New Year’s Resolutions Are for Failures

I hate New Year’s resolutions. I’m not even sure why New Year’s is really a holiday. The only reason I ever get excited about New Year’s is because it’s a day filled with good college football. Otherwise it just means I’m a year older.

Casey is a firm believer in New Year’s resolutions, however. She’s put together a list of New Year’s resolutions every year since we’ve been married, and probably every year before that. She knows about my hate of New Year’s resolutions, so she usually doesn’t share those New Year’s resolutions with me and that’s probably a good thing. She’d probably get a bit annoyed with me if I pointed out how she broke each and every one.

To be fair to Casey, she did make a New Year’s resolution several years ago to always have good smelling laundry and she’s done a pretty good job at keeping that resolution. Outside that resolution, I’m not sure how many she’s actually kept.

I never understood the point of making New Year’s resolutions. If someone really wants to lose weight, how does passing into the New Year really help? If someone wants to travel more, why not just travel more? Why wait until the New Year? And on and on and on it goes.

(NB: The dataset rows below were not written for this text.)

text \<open>Otherwise \<open>w = t \<times> \<sigma> t\<close> and \<open>\<sigma> w\<close> are both orthogonal to \<open>\<sigma> t\<close> and \<open>\<sigma>\<^sup>2 t\<close>, so \<open>w\<close> is an
  eigenvector of \<open>\<sigma>\<close>, i.e. (up to a scalar) a rational linear form vanishing at \<open>t\<close>.\<close>

lemma frobenius_orbit_independent: "dot t (cross (\<sigma> t) (\<sigma> (\<sigma> t))) \<noteq> 0"
proof
  assume det: "dot t (cross (\<sigma> t) (\<sigma> (\<sigma> t))) = 0"
  define w where "w = cross t (\<sigma> t)"
  have "w \<noteq> 0"
    using cross_frobenius_nonzero by (simp add: w_def)
  have \<sigma>_w: "\<sigma> w = cross (\<sigma> t) (\<sigma> (\<sigma> t))"
    unfolding w_def by (rule vec_pow_cross[OF prime_char char_q])
  then have "\<sigma> w \<noteq> 0"
    using \<open>w \<noteq> 0\<close> vec_pow_eq_0_iff[OF q_pos] by metis
  have "dot w (\<sigma> t) = 0"
    unfolding w_def by (rule dot_cross_self(2))
  moreover have "dot w (\<sigma> (\<sigma> t)) = 0"
    using det unfolding w_def by (metis dot_commute dot_cross_cyclic)
  ultimately obtain \<mu> where \<mu>: "w = \<mu> *s \<sigma> w"
    using parallel_cross_if_orthogonal \<sigma>_w \<open>\<sigma> w \<noteq> 0\<close> by metis
  with \<open>w \<noteq> 0\<close> have "\<mu> \<noteq> 0"
    by auto
  with \<mu> have "\<sigma> w = inverse \<mu> *s w"
    by (metis vector_smult_assoc vector_smult_lid left_inverse)
  from rational_if_vec_pow_eigenvector[OF prime_char char_q \<open>w \<noteq> 0\<close> this]
  obtain l where "l \<noteq> 0" and "\<forall>i. l * w$i \<in> Fq (p^2)"
    by blast
  moreover have "dot (l *s w) t = 0"
    by (simp add: dot_smult_left w_def dot_cross_self)
  ultimately have "l *s w = 0"
    using rational_form_vanishing_at_t[of "l *s w"] by simp
  with \<open>l \<noteq> 0\<close> \<open>w \<noteq> 0\<close> show False
    by (simp add: vec_eq_iff)
qed

text \<open>The vectors \<open>\<sigma>\<^sup>i t\<close> are eigenvectors of \<open>A\<close> with eigenvalues \<open>c\<^bsup>q\<^sup>i\<^esup>\<close>. Expanding \<open>\<sigma>\<^sup>3 t\<close>
  in the basis \<open>t, \<sigma> t, \<sigma>\<^sup>2 t\<close>, applying \<open>A\<close> and pairing with \<open>\<sigma> t \<times> \<sigma>\<^sup>2 t\<close> isolates the
  \<open>t\<close>-coefficient, which is \<open>D\<^sup>q \<noteq> 0\<close> for the determinant \<open>D\<close> of the basis.\<close>

lemma eigenvalue_in_Fq_cube:
  assumes A: "Fq_matrix q A" and "A *v t = c *s t"
  shows "c \<in> Fq (q^3)"
proof -
  define t1 t2 t3 where "t1 = \<sigma> t" "t2 = \<sigma> t1" "t3 = \<sigma> t2"
  define n where "n = cross t1 t2"
  define D where "D = dot t n"
  note eigen = Fq_matrix_eigenvector_vec_pow[OF prime_char char_q A]
  have e1: "A *v t1 = c ^ q *s t1"
    using eigen[OF \<open>A *v t = c *s t\<close>] by (simp add: t1_t2_t3_def)
  have e2: "A *v t2 = (c ^ q) ^ q *s t2"
    using eigen[OF e1] by (simp add: t1_t2_t3_def)
  have e3: "A *v t3 = ((c ^ q) ^ q) ^ q *s t3"
    using eigen[OF e2] by (simp add: t1_t2_t3_def)
  have "D \<noteq> 0"
    using frobenius_orbit_independent by (simp add: D_def n_def t1_t2_t3_def)
  have "dot t3 n = dot (\<sigma> t2) (\<sigma> (cross t t1))"
    by (simp add: n_def t1_t2_t3_def vec_pow_cross[OF prime_char char_q])
  also have "\<dots> = D ^ q"
    unfolding dot_vec_pow[OF prime_char char_q] D_def n_def by (metis dot_cross_cyclic)
  finally have "dot t3 n \<noteq> 0"
    using \<open>D \<noteq> 0\<close> by simp
  have "dot (A *v (D *s t3)) n = D * ((c ^ q) ^ q) ^ q * dot t3 n"
    by (simp add: matrix_vector_mult_smult e3 dot_smult_left)
  moreover have "D *s t3 = dot t3 (cross t1 t2) *s t + dot t3 (cross t2 t) *s t1 + dot t3 (cross t t1) *s t2"
    unfolding D_def n_def by (rule cramer3)
  then have "dot (A *v (D *s t3)) n = dot t3 n * c * D"
    by (simp add: matrix_vector_right_distrib matrix_vector_mult_smult \<open>A *v t = c *s t\<close> e1 e2
        dot_add_left dot_smult_left D_def n_def dot_commute[of t1] dot_commute[of t2] dot_cross_self)
  ultimately have "((c ^ q) ^ q) ^ q = c"
    using \<open>dot t3 n \<noteq> 0\<close> \<open>D \<noteq> 0\<close> by simp
  then show ?thesis
    by (simp only: Fq_power_cube_iff)
qed

lemma End_pt_iff: "A \<in> End_pt p t \<longleftrightarrow> Fq_matrix q A \<and> (\<exists>c. A *v t = c *s t)"
  by (simp add: End_pt_def Fq_matrix_def)

definition eigenvalue :: "'k^3^3 \<Rightarrow> 'k" where
  "eigenvalue A = (THE c. A *v t = c *s t)"

lemma eigenvalue_eqI:
  assumes "A *v t = c *s t"
  shows "eigenvalue A = c"
  unfolding eigenvalue_def
proof (rule the_equality)
  show "A *v t = c *s t"
    by (rule assms)
  fix c' assume "A *v t = c' *s t"
  obtain i where "t$i \<noteq> 0"
    using t_nonzero by (metis vec_eq_iff zero_index)
  with assms \<open>A *v t = c' *s t\<close> show "c' = c"
    by (metis mult_right_cancel vector_smult_component)
qed

lemma End_pt_eigenvector: "A \<in> End_pt p t \<Longrightarrow> A *v t = eigenvalue A *s t"
  using eigenvalue_eqI by (auto simp: End_pt_iff)

lemma eigenvalue_add:
  "A \<in> End_pt p t \<Longrightarrow> B \<in> End_pt p t \<Longrightarrow> eigenvalue (A + B) = eigenvalue A + eigenvalue B"
  by (rule eigenvalue_eqI) (simp add: matrix_vector_mult_add_rdistrib End_pt_eigenvector vector_sadd_rdistrib)

lemma eigenvalue_mult:
  "A \<in> End_pt p t \<Longrightarrow> B \<in> End_pt p t \<Longrightarrow> eigenvalue (A ** B) = eigenvalue A * eigenvalue B"
  by (rule eigenvalue_eqI)
    (simp add: End_pt_eigenvector matrix_vector_mult_smult vector_smult_assoc mult.commute
      flip: matrix_vector_mul_assoc)

lemma eigenvalue_mat: "eigenvalue (mat c) = c"
  by (rule eigenvalue_eqI) (simp add: mat_mult_vector)

lemma mat_in_End_pt: "c \<in> Fq q \<Longrightarrow> mat c \<in> End_pt p t"
  by (auto simp: End_pt_iff Fq_matrix_mat[OF prime_char char_q] mat_mult_vector)

lemma inj_on_eigenvalue: "inj_on eigenvalue (End_pt p t)"
proof (rule inj_onI)
  fix A B assume A: "A \<in> End_pt p t" and B: "B \<in> End_pt p t"
    and "eigenvalue A = eigenvalue B"
  then have "(A - B) *v t = 0"
    by (simp add: matrix_vector_mult_diff_rdistrib End_pt_eigenvector)
  moreover have "Fq_matrix q (A - B)"
    using A B by (simp add: End_pt_iff Fq_matrix_diff[OF prime_char char_q])
  ultimately have "(A - B)$i = 0" for i
    using rational_form_vanishing_at_t[of "(A - B)$i"]
    by (metis Fq_matrix_def matrix_vector_mult_nth_dot zero_index)
  then show "A = B"
    by (simp add: vec_eq_iff)
qed

lemma alg_iso_if_eigenvalue_image:
  "eigenvalue ` End_pt p t = F \<Longrightarrow> alg_iso p (End_pt p t) F"
  unfolding alg_iso_def
  by (intro exI[of _ eigenvalue] conjI ballI)
    (auto simp: bij_betw_def inj_on_eigenvalue eigenvalue_add eigenvalue_mult eigenvalue_mat)

lemma Fq_subset_eigenvalue_image: "Fq q \<subseteq> eigenvalue ` End_pt p t"
  using mat_in_End_pt eigenvalue_mat by (metis image_eqI subsetI)

lemma eigenvalue_image_subset_Fq_cube: "eigenvalue ` End_pt p t \<subseteq> Fq (q^3)"
  using eigenvalue_in_Fq_cube End_pt_eigenvector by (auto simp: End_pt_iff)

lemma Fq_cube_subset_eigenvalue_image:
  assumes "A \<in> End_pt p t" and "eigenvalue A \<notin> Fq q"
  shows "Fq (q^3) \<subseteq> eigenvalue ` End_pt p t"
proof
  fix d :: 'k assume "d \<in> Fq (q^3)"
  moreover have "eigenvalue A \<in> Fq (q^3)"
    using assms(1) eigenvalue_image_subset_Fq_cube by blast
  ultimately obtain a b g where abg: "a \<in> Fq q" "b \<in> Fq q" "g \<in> Fq q"
    and d: "a + b * eigenvalue A + g * eigenvalue A ^ 2 = d"
    using Fq_quadratic_interpolation[OF prime_char char_q] assms(2) by blast
  define B where "B = mat a + mat b ** A + mat g ** (A ** A)"
  have "Fq_matrix q A"
    using assms(1) by (simp add: End_pt_iff)
  then have "Fq_matrix q B"
    using abg
    by (simp add: B_def Fq_matrix_add[OF prime_char char_q] Fq_matrix_mult[OF prime_char char_q]
        Fq_matrix_mat[OF prime_char char_q])
  moreover have "B *v t = d *s t"
    unfolding B_def d[symmetric]
    by (rule quadratic_matrix_eigenvector[OF End_pt_eigenvector[OF assms(1)]])
  ultimately show "d \<in> eigenvalue ` End_pt p t"
    by (metis End_pt_iff eigenvalue_eqI image_eqI)
qed

end

theorem lemma3p12:
  fixes t :: "'k::alg_closed_field ^ 3" and p :: nat
  assumes "prime p" and "CHAR('k) = p"
    and "on_fermat p t" and "\<not> rational_pt p t"
  shows "alg_iso p (End_pt p t) (Fq (p^2)) \<or> alg_iso p (End_pt p t) (Fq (p^6))"
proof -
  interpret fermat_nonrational_point p t
    using assms by (rule fermat_nonrational_point.intro)
  show ?thesis
  proof (cases "\<forall>A\<in>End_pt p t. eigenvalue A \<in> Fq q")
    case True
    then have "eigenvalue ` End_pt p t = Fq q"
      using Fq_subset_eigenvalue_image by auto
    then show ?thesis
      by (simp add: alg_iso_if_eigenvalue_image)
  next
    case False
    then obtain A where "A \<in> End_pt p t" and "eigenvalue A \<notin> Fq q"
      by blast
    then have "eigenvalue ` End_pt p t = Fq (q^3)"
      by (intro equalityI eigenvalue_image_subset_Fq_cube Fq_cube_subset_eigenvalue_image)
    then show ?thesis
      by (simp add: alg_iso_if_eigenvalue_image flip: power_mult)
  qed
qed

end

To show Casey I could do new things, three years ago I did put together a list of New Year’s Resolutions. Here’s what they were:  (1) be more patient with Addie; (2) learn to find new ways to express how beautiful I think my wife is; (3) be more social when I’m in social gatherings; (4) do all the dishes all year; and, (5) weigh under 200 pounds by the next New Year.

Here’s how that list turned out three years later. I’m not sure if I am more patient with Addie. Sometimes I get stuck between treating her like she’s a 3-year-old and 16-year-old. As my mom said about Addie the other day, “Addie’s 8 years old going on 18 years old and that’s why she gets along with her 12-year-old cousins so well.”  It’s tough to find the right balance sometimes.

I can always do better at expressing how I feel about my wife, and I’ve been just as terrible interacting socially with people at social gatherings as I was three years ago. I’ve done all of the dishes for the past three years and it looks like I’ll be doing the dishes for the rest of my life.

I don’t weigh under 200 pounds and I may never weigh under 200 pounds again and that’s not necessarily a bad thing. I could certainly stand to lose another 10 pounds, which would put me at 205, but in order to get under 200 pounds I would have to change the focus of my exercise routine from a weight based routine into a cardio based routine and I just don’t want to do that.

On my first and only attempt at putting together New Year’s resolutions, I failed at 4 out of the 5 resolutions. I’m pretty sure 96% of people who put together New Year’s resolutions end up with about a 10% success rate. Oh, and 68% of all statistics are made up.

I didn’t even succeed at the one resolution I really wanted to succeed at. If I was going to fail at one resolution, I at least wanted that one resolution to be the doing the dishes resolution. For this year I’m going to stick to my life habit of not doing New Year’s resolutions, and at this time next year I can tell everyone I succeeded at every New Year’s resolutions I set.